In a nutshell Adobe Flash says:
- If your flash code takes longer to execute than the alloted time, the screen does not get updated and the animation appears choppy.
- If your frame rate is 30 frames per second (FPS) your frame loop must complete all its work in 1/30th of a second.
- The higher the frame rate, the more CPU cycles required by your code.
- An adequate frame rate is at least 20 frames per second. Anything more than 30 FPS is often unnecessary.
My question for the WGT Flash Developers is this:
Why do you animate the meter at 60 FPS when things like the ball flight and ball rolling are animated at just 30 FPS?
By doing so your meter code has just 1/60th second to complete. While ball flight code has 1/30th second to complete. The meter is twice as likely to appear to stutter.
Is this why the meter is so sensitive to other things running in the background?
I'm suggesting WGT lower the frame rate of meter animation based on the Adobe Flash Best Practice "In general, use the lowest possible frame rate for better performance".

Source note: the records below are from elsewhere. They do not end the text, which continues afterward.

(* Let $G=(V,E)$ be a control flow graph and $p$ a predicate node. All successors of $p$ in $A_p$ belong to the same strongly connected component of $A_p$.
   Context: A control flow graph (CFG) is a finite directed graph $G=(V,E)$ in which every node has at most two outgoing edges; nodes with exactly two outgoing edges are predicate nodes. A path from $n_1$ is a nonempty finite or infinite sequence of nodes with each adjacent pair an edge; it is maximal if it is infinite or its last node has no successor. $V_p$ is the set of nodes occurring on all maximal paths from $p$ in $G$. For $V'\subseteq V$, a $V'$-interval from $x$ to $y$ is a finite path $n_1\ldots n_k$ in $G$ with $k\ge 2$, $n_1=x\in V'$, $n_k=y\in V'$, and $n_i\notin V'$ for $1<i<k$. $A_p$ is the directed graph with node set $V_p$ and an edge $(x,y)$ iff there is a $V_p$-interval from $x$ to $y$ in $G$. *)

theory Defs
  imports Main
begin

definition succs :: "('a \<times> 'a) set \<Rightarrow> 'a \<Rightarrow> 'a set" where
  "succs E n = {m. (n, m) \<in> E}"

definition cfg :: "'a set \<Rightarrow> ('a \<times> 'a) set \<Rightarrow> bool" where
  "cfg V E \<longleftrightarrow> finite V \<and> E \<subseteq> V \<times> V \<and> (\<forall>n\<in>V. card (succs E n) \<le> 2)"

definition predicate_node :: "'a set \<Rightarrow> ('a \<times> 'a) set \<Rightarrow> 'a \<Rightarrow> bool" where
  "predicate_node V E p \<longleftrightarrow> p \<in> V \<and> card (succs E p) = 2"

definition fin_path :: "('a \<times> 'a) set \<Rightarrow> 'a list \<Rightarrow> bool" where
  "fin_path E xs \<longleftrightarrow> xs \<noteq> [] \<and> (\<forall>i. Suc i < length xs \<longrightarrow> (xs ! i, xs ! Suc i) \<in> E)"

definition inf_path :: "('a \<times> 'a) set \<Rightarrow> (nat \<Rightarrow> 'a) \<Rightarrow> bool" where
  "inf_path E f \<longleftrightarrow> (\<forall>i. (f i, f (Suc i)) \<in> E)"

definition max_fin_path_from :: "('a \<times> 'a) set \<Rightarrow> 'a \<Rightarrow> 'a list \<Rightarrow> bool" where
  "max_fin_path_from E p xs \<longleftrightarrow> fin_path E xs \<and> hd xs = p \<and> succs E (last xs) = {}"

definition inf_path_from :: "('a \<times> 'a) set \<Rightarrow> 'a \<Rightarrow> (nat \<Rightarrow> 'a) \<Rightarrow> bool" where
  "inf_path_from E p f \<longleftrightarrow> inf_path E f \<and> f 0 = p"

definition Vp :: "'a set \<Rightarrow> ('a \<times> 'a) set \<Rightarrow> 'a \<Rightarrow> 'a set" where
  "Vp V E p = {n \<in> V.
     (\<forall>xs. max_fin_path_from E p xs \<longrightarrow> n \<in> set xs) \<and>
     (\<forall>f. inf_path_from E p f \<longrightarrow> n \<in> range f)}"

definition interval :: "('a \<times> 'a) set \<Rightarrow> 'a set \<Rightarrow> 'a \<Rightarrow> 'a \<Rightarrow> 'a list \<Rightarrow> bool" where
  "interval E V' x y xs \<longleftrightarrow> fin_path E xs \<and> length xs \<ge> 2 \<and>
     hd xs = x \<and> x \<in> V' \<and> last xs = y \<and> y \<in> V' \<and>
     (\<forall>i. 0 < i \<and> i < length xs - 1 \<longrightarrow> xs ! i \<notin> V')"

text \<open>Edge relation of A_p (node set V_p).\<close>
definition Ap_edges :: "'a set \<Rightarrow> ('a \<times> 'a) set \<Rightarrow> 'a \<Rightarrow> ('a \<times> 'a) set" where
  "Ap_edges V E p = {(x, y). \<exists>xs. interval E (Vp V E p) x y xs}"

end

theory Submission
  imports Defs
begin

(* Let ys1, ys2 be V_p-intervals from p to y1, y2. Prefixing a maximal path from y1 with
   butlast ys1 gives a maximal path from p, so every node of V_p lies on butlast ys1 or on
   every maximal path from y1; the only node of V_p on butlast ys1 is p. Hence y2 = p or
   y2 is reached from y1 by a finite path, which splits at its V_p-nodes into V_p-intervals.
   If y2 = p, going round the cycle butlast ys2 forever is an infinite path from p that
   meets V_p only in p. *)

lemma fin_path_take:
  "fin_path E xs \<Longrightarrow> 0 < n \<Longrightarrow> fin_path E (take n xs)"
  unfolding fin_path_def by auto

lemma fin_path_drop:
  "fin_path E xs \<Longrightarrow> n < length xs \<Longrightarrow> fin_path E (drop n xs)"
  unfolding fin_path_def by auto

lemma fin_path_append:
  assumes "fin_path E xs" "fin_path E ys" "(last xs, hd ys) \<in> E"
  shows "fin_path E (xs @ ys)"
  unfolding fin_path_def
proof (intro conjI allI impI)
  show "xs @ ys \<noteq> []" using assms(1) by (simp add: fin_path_def)
  fix i assume i: "Suc i < length (xs @ ys)"
  consider "Suc i < length xs" | "Suc i = length xs" | "length xs \<le> i" by linarith
  then show "((xs @ ys) ! i, (xs @ ys) ! Suc i) \<in> E"
  proof cases
    case 1 with assms(1) show ?thesis by (simp add: fin_path_def nth_append)
  next
    case 2
    then have "i = length xs - 1" by simp
    with 2 assms show ?thesis
      by (auto simp: fin_path_def nth_append last_conv_nth hd_conv_nth)
  next
    case 3 with assms(2) i show ?thesis
      by (auto simp: fin_path_def nth_append Suc_diff_le)
  qed
qed

lemma fin_path_butlast:
  assumes "fin_path E xs" "2 \<le> length xs"
  shows "fin_path E (butlast xs)" "(last (butlast xs), last xs) \<in> E"
proof -
  show "fin_path E (butlast xs)"
    using fin_path_take[OF assms(1)] assms(2) by (simp add: butlast_conv_take)
  obtain k where k: "length xs = Suc (Suc k)"
    using assms(2) by (metis add_2_eq_Suc le_Suc_ex)
  then have "Suc k < length xs" "last (butlast xs) = xs ! k" "last xs = xs ! Suc k"
    by (auto simp: last_conv_nth nth_butlast simp flip: length_0_conv)
  then show "(last (butlast xs), last xs) \<in> E"
    using assms(1) by (simp add: fin_path_def)
qed

lemma fin_path_map_upt:
  "(\<And>i. i < n \<Longrightarrow> (f i, f (Suc i)) \<in> E) \<Longrightarrow> fin_path E (map f [0..<Suc n])"
  unfolding fin_path_def by (simp del: upt_Suc)

lemma inf_path_prepend:
  assumes "fin_path E xs" "inf_path E f" "(last xs, f 0) \<in> E"
  shows "inf_path E (\<lambda>i. if i < length xs then xs ! i else f (i - length xs))"
  unfolding inf_path_def
proof
  fix i
  consider "Suc i < length xs" | "Suc i = length xs" | "length xs \<le> i" by linarith
  then show "((if i < length xs then xs ! i else f (i - length xs)),
              (if Suc i < length xs then xs ! Suc i else f (Suc i - length xs))) \<in> E"
  proof cases
    case 1 with assms(1) show ?thesis by (simp add: fin_path_def)
  next
    case 2
    then have "xs \<noteq> []" "i = length xs - 1" by auto
    with 2 assms(3) show ?thesis by (auto simp: last_conv_nth)
  next
    case 3 with assms(2) show ?thesis by (simp add: inf_path_def Suc_diff_le)
  qed
qed

lemma inf_path_cycle:
  assumes "fin_path E cs" "(last cs, hd cs) \<in> E"
  shows "inf_path E (\<lambda>i. cs ! (i mod length cs))"
  unfolding inf_path_def
proof
  fix i
  have ne: "cs \<noteq> []" using assms(1) by (simp add: fin_path_def)
  show "(cs ! (i mod length cs), cs ! (Suc i mod length cs)) \<in> E"
  proof (cases "Suc (i mod length cs) = length cs")
    case True
    then have "i mod length cs = length cs - 1" by simp
    with True assms(2) ne show ?thesis
      by (simp add: mod_Suc last_conv_nth hd_conv_nth)
  next
    case False
    then have "Suc (i mod length cs) < length cs"
      using ne by (metis Suc_lessI length_greater_0_conv mod_less_divisor)
    with False assms(1) show ?thesis
      by (simp add: mod_Suc fin_path_def)
  qed
qed

lemma max_path_exists: "(\<exists>xs. max_fin_path_from E x xs) \<or> (\<exists>f. inf_path_from E x f)"
proof -
  define step where "step y = (if succs E y = {} then y else (SOME z. (y, z) \<in> E))" for y
  define f where "f n = (step ^^ n) x" for n
  have f_edge: "(f n, f (Suc n)) \<in> E" if "succs E (f n) \<noteq> {}" for n
    using that someI_ex[of "\<lambda>z. (f n, z) \<in> E"] by (auto simp: f_def step_def succs_def)
  show ?thesis
  proof (cases "\<exists>n. succs E (f n) = {}")
    case True
    then obtain n where n: "succs E (f n) = {}" and before: "\<forall>i<n. succs E (f i) \<noteq> {}"
      using exists_least_iff[of "\<lambda>n. succs E (f n) = {}"] by blast
    have "fin_path E (map f [0..<Suc n])"
      using fin_path_map_upt[of n f E] f_edge before by blast
    moreover have "hd (map f [0..<Suc n]) = x" by (simp add: f_def hd_map del: upt_Suc)
    moreover have "last (map f [0..<Suc n]) = f n" by simp
    ultimately have "max_fin_path_from E x (map f [0..<Suc n])"
      using n by (simp add: max_fin_path_from_def)
    then show ?thesis by blast
  next
    case False
    then have "inf_path_from E x f"
      using f_edge by (simp add: inf_path_from_def inf_path_def f_def)
    then show ?thesis by blast
  qed
qed

lemma Vp_subset_prefix_Un:
  assumes xs: "fin_path E xs" and edge: "(last xs, y) \<in> E"
  shows "Vp V E (hd xs) \<subseteq> set xs \<union> Vp V E y"
proof
  fix n assume n: "n \<in> Vp V E (hd xs)"
  show "n \<in> set xs \<union> Vp V E y"
  proof (cases "n \<in> set xs")
    case False
    have "n \<in> set zs" if zs: "max_fin_path_from E y zs" for zs
    proof -
      have "max_fin_path_from E (hd xs) (xs @ zs)"
        using zs xs edge fin_path_append[of E xs zs]
        by (auto simp: max_fin_path_from_def fin_path_def)
      with n False show ?thesis by (auto simp: Vp_def)
    qed
    moreover have "n \<in> range f" if f: "inf_path_from E y f" for f
    proof -
      define g where "g i = (if i < length xs then xs ! i else f (i - length xs))" for i
      have "inf_path E g"
        unfolding g_def using f edge inf_path_prepend[OF xs] by (auto simp: inf_path_from_def)
      moreover have "g 0 = hd xs" using xs by (simp add: g_def fin_path_def hd_conv_nth)
      ultimately have "inf_path_from E (hd xs) g" by (simp add: inf_path_from_def)
      with n obtain i where "n = g i" by (auto simp: Vp_def)
      with False show ?thesis by (auto simp: g_def split: if_splits)
    qed
    ultimately show ?thesis using n by (simp add: Vp_def)
  qed simp
qed

lemma Vp_subset_cycle:
  assumes cs: "fin_path E cs" and edge: "(last cs, hd cs) \<in> E"
  shows "Vp V E (hd cs) \<subseteq> set cs"
proof -
  have ne: "cs \<noteq> []" using cs by (simp add: fin_path_def)
  let ?g = "\<lambda>i. cs ! (i mod length cs)"
  have "inf_path_from E (hd cs) ?g"
    using inf_path_cycle[OF cs edge] ne by (simp add: inf_path_from_def hd_conv_nth)
  moreover have "range ?g \<subseteq> set cs" using ne by auto
  ultimately show ?thesis by (auto simp: Vp_def)
qed

lemma Vp_reachable:
  assumes "y \<in> Vp V E x"
  obtains ys where "fin_path E ys" "hd ys = x" "last ys = y"
  using max_path_exists[of E x]
proof (elim disjE exE)
  fix zs assume zs: "max_fin_path_from E x zs"
  with assms obtain m where m: "m < length zs" "zs ! m = y"
    by (auto simp: Vp_def in_set_conv_nth)
  show thesis
  proof
    show "fin_path E (take (Suc m) zs)"
      using zs fin_path_take by (auto simp: max_fin_path_from_def)
    show "hd (take (Suc m) zs) = x" using zs by (auto simp: max_fin_path_from_def fin_path_def)
    show "last (take (Suc m) zs) = y" using m by (simp add: take_Suc_conv_app_nth)
  qed
next
  fix f assume f: "inf_path_from E x f"
  with assms obtain m where m: "f m = y" by (auto simp: Vp_def)
  show thesis
  proof
    show "fin_path E (map f [0..<Suc m])"
      using f fin_path_map_upt by (auto simp: inf_path_from_def inf_path_def)
    show "hd (map f [0..<Suc m]) = x" using f by (simp add: inf_path_from_def hd_map del: upt_Suc)
    show "last (map f [0..<Suc m]) = y" using m by simp
  qed
qed

lemma interval_butlast:
  assumes iv: "interval E W x y xs"
  shows "fin_path E (butlast xs)" "hd (butlast xs) = x" "(last (butlast xs), y) \<in> E"
    and "set (butlast xs) \<inter> W \<subseteq> {x}"
proof -
  have xs: "fin_path E xs" "2 \<le> length xs" using iv by (auto simp: interval_def)
  show "fin_path E (butlast xs)" "(last (butlast xs), y) \<in> E"
    using fin_path_butlast[OF xs] iv by (auto simp: interval_def)
  show "hd (butlast xs) = x"
    using iv xs(2) by (cases xs) (auto simp: interval_def)
  show "set (butlast xs) \<inter> W \<subseteq> {x}"
  proof
    fix z assume "z \<in> set (butlast xs) \<inter> W"
    then obtain i where "i < length xs - 1" "z = xs ! i" "z \<in> W"
      by (auto simp: in_set_conv_nth nth_butlast)
    with iv xs(2) show "z \<in> {x}"
      by (cases "i = 0") (auto simp: interval_def hd_conv_nth simp flip: length_greater_0_conv)
  qed
qed

lemma fin_path_rtrancl_intervals:
  assumes "fin_path E xs" "hd xs \<in> W" "last xs \<in> W"
  shows "(hd xs, last xs) \<in> {(x, y). \<exists>zs. interval E W x y zs}\<^sup>*"
  using assms
proof (induction "length xs" arbitrary: xs rule: less_induct)
  case less
  show ?case
  proof (cases "2 \<le> length xs")
    case False
    with less.prems(1) obtain a where "xs = [a]"
      by (cases xs) (auto simp: fin_path_def Suc_le_eq)
    then show ?thesis by simp
  next
    case True
    have "0 < length xs - 1 \<and> xs ! (length xs - 1) \<in> W"
      using True less.prems(3) by (auto simp: last_conv_nth simp flip: length_greater_0_conv)
    then obtain i where i: "i \<le> length xs - 1" "0 < i" "xs ! i \<in> W"
      and first: "\<forall>j<i. \<not> (0 < j \<and> xs ! j \<in> W)"
      using ex_least_nat_le[of "\<lambda>i. 0 < i \<and> xs ! i \<in> W"] by blast
    have i_lt: "i < length xs" using i(1) True by simp
    have "interval E W (hd xs) (xs ! i) (take (Suc i) xs)"
      using i first less.prems(1,2) True fin_path_take[OF less.prems(1)]
      by (auto simp: interval_def fin_path_def hd_conv_nth last_conv_nth)
    moreover have "(hd (drop i xs), last (drop i xs)) \<in> {(x, y). \<exists>zs. interval E W x y zs}\<^sup>*"
      using i i_lt less.prems fin_path_drop[OF less.prems(1) i_lt]
      by (intro less.hyps) (auto simp: hd_drop_conv_nth)
    ultimately show ?thesis
      using i True by (auto simp: hd_drop_conv_nth intro: converse_rtrancl_into_rtrancl)
  qed
qed

lemma Ap_successors_reach:
  assumes "(p, y1) \<in> Ap_edges V E p" "(p, y2) \<in> Ap_edges V E p"
  shows "(y1, y2) \<in> (Ap_edges V E p)\<^sup>*"
proof -
  let ?W = "Vp V E p"
  obtain ys1 ys2 where iv1: "interval E ?W p y1 ys1" and iv2: "interval E ?W p y2 ys2"
    using assms by (auto simp: Ap_edges_def)
  then have y1: "y1 \<in> ?W" and y2: "y2 \<in> ?W" by (auto simp: interval_def)
  show ?thesis
  proof (cases "y2 = p")
    case True
    then have "?W \<subseteq> set (butlast ys2)"
      using Vp_subset_cycle interval_butlast(1-3)[OF iv2] by metis
    then have "?W \<subseteq> {p}" using interval_butlast(4)[OF iv2] by blast
    with y1 True show ?thesis by auto
  next
    case False
    have "?W \<subseteq> set (butlast ys1) \<union> Vp V E y1"
      using Vp_subset_prefix_Un interval_butlast(1-3)[OF iv1] by metis
    with y2 False interval_butlast(4)[OF iv1] have "y2 \<in> Vp V E y1" by auto
    then obtain zs where "fin_path E zs" "hd zs = y1" "last zs = y2" by (rule Vp_reachable)
    with y1 y2 show ?thesis
      using fin_path_rtrancl_intervals[of E zs ?W] by (simp add: Ap_edges_def)
  qed
qed

theorem lemma4p7:
  assumes "cfg V E"
    and "predicate_node V E p"
    and "(p, y1) \<in> Ap_edges V E p"
    and "(p, y2) \<in> Ap_edges V E p"
  shows "(y1, y2) \<in> (Ap_edges V E p)\<^sup>* \<and> (y2, y1) \<in> (Ap_edges V E p)\<^sup>*"
  using Ap_successors_reach[OF assms(3,4)] Ap_successors_reach[OF assms(4,3)] by blast

end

For convenience, here are excerpts from Adobe's best practices document.
Optimizing Performance for theADOBE® FLASH® PLATFORM:
Application frame rate
In general, use the lowest possible frame rate for better performance.
An application’s frame rate determines how much time is available for each “application code and rendering” cycle, as described in “Runtime code execution fundamentals” on page 1.
A higher frame rate creates smoother animation. However, when animation or other visual changes aren’t happening, there is often no reason to have a high frame rate. A higher frame rate expends more CPU cycles and energy from the battery than a lower rate.
The following are some general guidelines for an appropriate default frame rate for your application:
•If you are using the Flex framework, leave the starting frame rate at the default value.
•If your application includes animation, an adequate frame rate is at least 20 frames per second. Anything more than 30 frames per second is often unnecessary.
•If your application doesn’t include animation, a frame rate of 12 frames per second is probably sufficient.
Key paragraph from the "Runtime code execution fundamentals" mentioned above:
Optimizing Performance for theADOBE® FLASH® PLATFORM:
Runtime code execution fundamentals
If the combined operations of the frame loop (code execution and rendering) take too long, the runtime isn’t able to maintain the frame rate. The frame expands, taking longer than its allotted time, so there is a delay before the next frame is triggered.
For example, if a frame loop takes longer than one-thirtieth of a second, the runtime is not able to update the screen at 30 frames per second. When the frame rate slows, the experience degrades. At best animation becomes choppy.
In worse cases, the application freezes and the window goes blank.